To Croydon for the funeral of Terry Parry, General Secretary of the Fire Brigades’ Union, a very popular man. A fireman picked me up and took me to the entrance of the crematorium, and the fire brigade was out in force – hundreds of them – as Terry’s body was carried on a fire engine covered with flowers and a Union Jack. Bill Jones, Walt Greendale, Moss Evans, Clive Jenkins, Len Murray, Jack Jones, Hugh Scanlon, Gordon McLennan, Mick McGahey, Jimmy Milne, Enoch Humphreys, Ken Cameron, Jim Mortimer – the Labour Movement’s leaders were there in force.
The service, which was conduc
ted by Bruce Kent, was really moving. Bruce said he had never known Terry Parry, but Terry had requested that he conduct the service. Jack Jones made an excellent speech, Len Murray not such a good one. A friend sang ‘The Impossible Dream’, and I’m afraid I sat there with tears rolling down my cheeks.
Afterwards I talked to fire officers from all over the country. I was invited to go in their coach to Crystal Palace Football Club for a little party.
Wednesday 28 April
An exhausting day. I got another 400 letters today, making 2,500 this week. Overwhelmingly supportive – I suppose coming primarily from middle-class people. Some white feathers and vulgar abuse. The mail is the biggest I’ve ever had.
Tuesday 4 May
To the House and heard Thatcher at Prime Minster’s Questions. Tam Dalyell scored a direct hit by asking, ‘Did the Prime Minister herself, personally and explicitly, authorise the firing of the torpedoes on the General Belgrano?’ Thatcher said yes, in effect, she had the Task Force under political control.
Pym made a statement about his visit to the UN and looked uncomfortable, like Thatcher. I think they’re beginning to worry in the Cabinet because of public disgust at the loss of life on the Belgrano.

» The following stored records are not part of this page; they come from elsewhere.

(* Let $n>20$ be an integer. Then $A(n,2)=B(n,2)$.
   Context: $\mathrm{DGP}(n,k)$ ($1\le k<n/2$) is the graph with vertex set $\{(u_i,j),(v_i,j): 0\le i\le n-1,\ j\in\{0,1\}\}$ and edges $\{(u_i,j),(u_{i+1},1-j)\}$, $\{(u_i,j),(v_i,1-j)\}$ (spokes, forming the set $\mathcal{S}$), $\{(v_i,j),(v_{i+k},1-j)\}$, subscripts mod $n$ (the canonical double cover of the generalized Petersen graph $\mathrm{GP}(n,k)$). $A(n,k)=\mathrm{Aut}(\mathrm{DGP}(n,k))$ and $B(n,k)$ is the setwise stabilizer of $\mathcal{S}$ in $A(n,k)$. *)

theory Defs
  imports "HOL-Library.FuncSet"
begin

text \<open>Vertices of DGP(n,k): (s, i, j) with s = Outer for u_i, s = Inner for v_i,
  0 \<le> i < n, j \<in> {0,1}.\<close>

datatype side = Outer | Inner

type_synonym dvertex = "side \<times> nat \<times> nat"

definition dgp_verts :: "nat \<Rightarrow> dvertex set" where
  "dgp_verts n = {(s, i, j). i < n \<and> j < 2}"

definition dgp_outer_edges :: "nat \<Rightarrow> dvertex set set" where
  "dgp_outer_edges n =
     {{(Outer, i, j), (Outer, (i + 1) mod n, 1 - j)} | i j. i < n \<and> j < 2}"

definition dgp_spokes :: "nat \<Rightarrow> dvertex set set" where
  "dgp_spokes n =
     {{(Outer, i, j), (Inner, i, 1 - j)} | i j. i < n \<and> j < 2}"

definition dgp_inner_edges :: "nat \<Rightarrow> nat \<Rightarrow> dvertex set set" where
  "dgp_inner_edges n k =
     {{(Inner, i, j), (Inner, (i + k) mod n, 1 - j)} | i j. i < n \<and> j < 2}"

definition dgp_edges :: "nat \<Rightarrow> nat \<Rightarrow> dvertex set set" where
  "dgp_edges n k = dgp_outer_edges n \<union> dgp_spokes n \<union> dgp_inner_edges n k"

text \<open>A(n,k): automorphisms of DGP(n,k), as extensional bijections of the vertex set
  preserving adjacency in both directions.\<close>
definition dgp_aut :: "nat \<Rightarrow> nat \<Rightarrow> (dvertex \<Rightarrow> dvertex) set" where
  "dgp_aut n k = {f \<in> dgp_verts n \<rightarrow>\<^sub>E dgp_verts n.
      bij_betw f (dgp_verts n) (dgp_verts n) \<and>
      (\<forall>x \<in> dgp_verts n. \<forall>y \<in> dgp_verts n.
          {x, y} \<in> dgp_edges n k \<longleftrightarrow> {f x, f y} \<in> dgp_edges n k)}"

text \<open>B(n,k): setwise stabiliser of the spokes in A(n,k).\<close>
definition dgp_spoke_stab :: "nat \<Rightarrow> nat \<Rightarrow> (dvertex \<Rightarrow> dvertex) set" where
  "dgp_spoke_stab n k = {f \<in> dgp_aut n k. (\<lambda>e. f ` e) ` dgp_spokes n = dgp_spokes n}"

end

theory Submission
  imports Defs
begin

text \<open>
  An automorphism of a graph maps 3-arcs to 3-arcs and 8-cycles to 8-cycles, so it preserves
  the set of vertices that are the second vertex of some 3-arc lying on no 8-cycle. In
  DGP(n,2) with n large these are exactly the inner vertices v_i: the 3-arc
  v_(i-2) v_i v_(i+2) v_(i+4) runs along an inner cycle and lies on no 8-cycle, while every
  3-arc through an outer vertex does. Hence every automorphism preserves the two sides, and
  therefore the spokes, which are exactly the edges joining the two sides.
\<close>

definition closes_to_8_cycle ::
    "('a \<Rightarrow> 'a \<Rightarrow> bool) \<Rightarrow> 'a \<Rightarrow> 'a \<Rightarrow> 'a \<Rightarrow> 'a \<Rightarrow> bool" where
  "closes_to_8_cycle E x0 x y w \<longleftrightarrow> (\<exists>a1 a2 a3 a4.
     E w a1 \<and> E a1 a2 \<and> E a2 a3 \<and> E a3 a4 \<and> E a4 x0 \<and> distinct [x0, x, y, w, a1, a2, a3, a4])"

definition has_3arc_off_8_cycles :: "('a \<Rightarrow> 'a \<Rightarrow> bool) \<Rightarrow> 'a \<Rightarrow> bool" where
  "has_3arc_off_8_cycles E x \<longleftrightarrow> (\<exists>x0 y w.
     E x x0 \<and> E x y \<and> E y w \<and> x0 \<noteq> y \<and> w \<noteq> x \<and> \<not> closes_to_8_cycle E x0 x y w)"

definition graph_automorphism :: "'a set \<Rightarrow> ('a \<Rightarrow> 'a \<Rightarrow> bool) \<Rightarrow> ('a \<Rightarrow> 'a) \<Rightarrow> bool" where
  "graph_automorphism V E g \<longleftrightarrow>
     bij_betw g V V \<and> (\<forall>x \<in> V. \<forall>y \<in> V. E x y \<longleftrightarrow> E (g x) (g y))"

lemma graph_automorphism_inv_into:
  assumes "graph_automorphism V E g"
  shows "graph_automorphism V E (inv_into V g)"
proof -
  have bij: "bij_betw g V V"
    using assms unfolding graph_automorphism_def by blast
  then have "inv_into V g x \<in> V" "g (inv_into V g x) = x" if "x \<in> V" for x
    using that by (auto simp: bij_betw_def inv_into_into f_inv_into_f)
  then show ?thesis
    using assms bij_betw_inv_into[OF bij] unfolding graph_automorphism_def by metis
qed

lemma closes_to_8_cycle_automorphism:
  assumes g: "graph_automorphism V E g"
    and edges: "\<And>u v. E u v \<Longrightarrow> u \<in> V \<and> v \<in> V"
    and "x \<in> V" "y \<in> V" "closes_to_8_cycle E x0 x y w"
  shows "closes_to_8_cycle E (g x0) (g x) (g y) (g w)"
proof -
  obtain a1 a2 a3 a4 where path: "E w a1" "E a1 a2" "E a2 a3" "E a3 a4" "E a4 x0"
    and dist: "distinct [x0, x, y, w, a1, a2, a3, a4]"
    using assms(5) unfolding closes_to_8_cycle_def by blast
  have "set [x0, x, y, w, a1, a2, a3, a4] \<subseteq> V"
    using path edges \<open>x \<in> V\<close> \<open>y \<in> V\<close> by auto
  then have "distinct (map g [x0, x, y, w, a1, a2, a3, a4])"
    using dist g unfolding graph_automorphism_def bij_betw_def
    by (simp only: distinct_map) (blast intro: inj_on_subset)
  moreover have "E (g w) (g a1)" "E (g a1) (g a2)" "E (g a2) (g a3)" "E (g a3) (g a4)" "E (g a4) (g x0)"
    using path edges g unfolding graph_automorphism_def by blast+
  ultimately show ?thesis
    unfolding closes_to_8_cycle_def by auto
qed

lemma has_3arc_off_8_cycles_automorphism:
  assumes g: "graph_automorphism V E g"
    and edges: "\<And>u v. E u v \<Longrightarrow> u \<in> V \<and> v \<in> V"
    and x: "x \<in> V" and "has_3arc_off_8_cycles E x"
  shows "has_3arc_off_8_cycles E (g x)"
proof -
  obtain x0 y w where arc: "E x x0" "E x y" "E y w" "x0 \<noteq> y" "w \<noteq> x"
    and off: "\<not> closes_to_8_cycle E x0 x y w"
    using assms(4) unfolding has_3arc_off_8_cycles_def by blast
  have V: "x0 \<in> V" "y \<in> V" "w \<in> V"
    using arc edges by blast+
  define h where "h = inv_into V g"
  have h: "graph_automorphism V E h"
    unfolding h_def using g by (rule graph_automorphism_inv_into)
  have hg: "h (g v) = v" if "v \<in> V" for v
    using g that unfolding h_def graph_automorphism_def bij_betw_def by simp
  have gV: "g v \<in> V" if "v \<in> V" for v
    using g that unfolding graph_automorphism_def bij_betw_def by blast
  have "\<not> closes_to_8_cycle E (g x0) (g x) (g y) (g w)"
    using closes_to_8_cycle_automorphism[OF h edges gV[OF x] gV[OF \<open>y \<in> V\<close>]] off hg V x by force
  moreover have "E (g x) (g x0)" "E (g x) (g y)" "E (g y) (g w)" "g x0 \<noteq> g y" "g w \<noteq> g x"
    using arc V x g unfolding graph_automorphism_def bij_betw_def by (blast dest: inj_onD)+
  ultimately show ?thesis
    unfolding has_3arc_off_8_cycles_def by blast
qed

I was called by the Speaker at the very end of Pym’s interrogation, and I got in a pretty good point: ‘Had the Foreign Secretary’s attention been drawn to the fact that in the Sunday Times a public-opinion poll showed that 6 out of 10 people in Britain were not prepared to see one serviceman’s life, or a Falkland Islander’s life, put at risk, and that such a majority in Britain will not be rejoicing with the Prime Minister at the loss of life when the ship was torpedoed without a declaration of war well outside the Exclusion Zone? Will the Foreign Secretary take account of the desire for peace in Britain by agreeing to a ceasefire and to the transfer at once to the United Nations of sovereignty of the Falkland Islands and its administration pending a settlement under UN auspices?’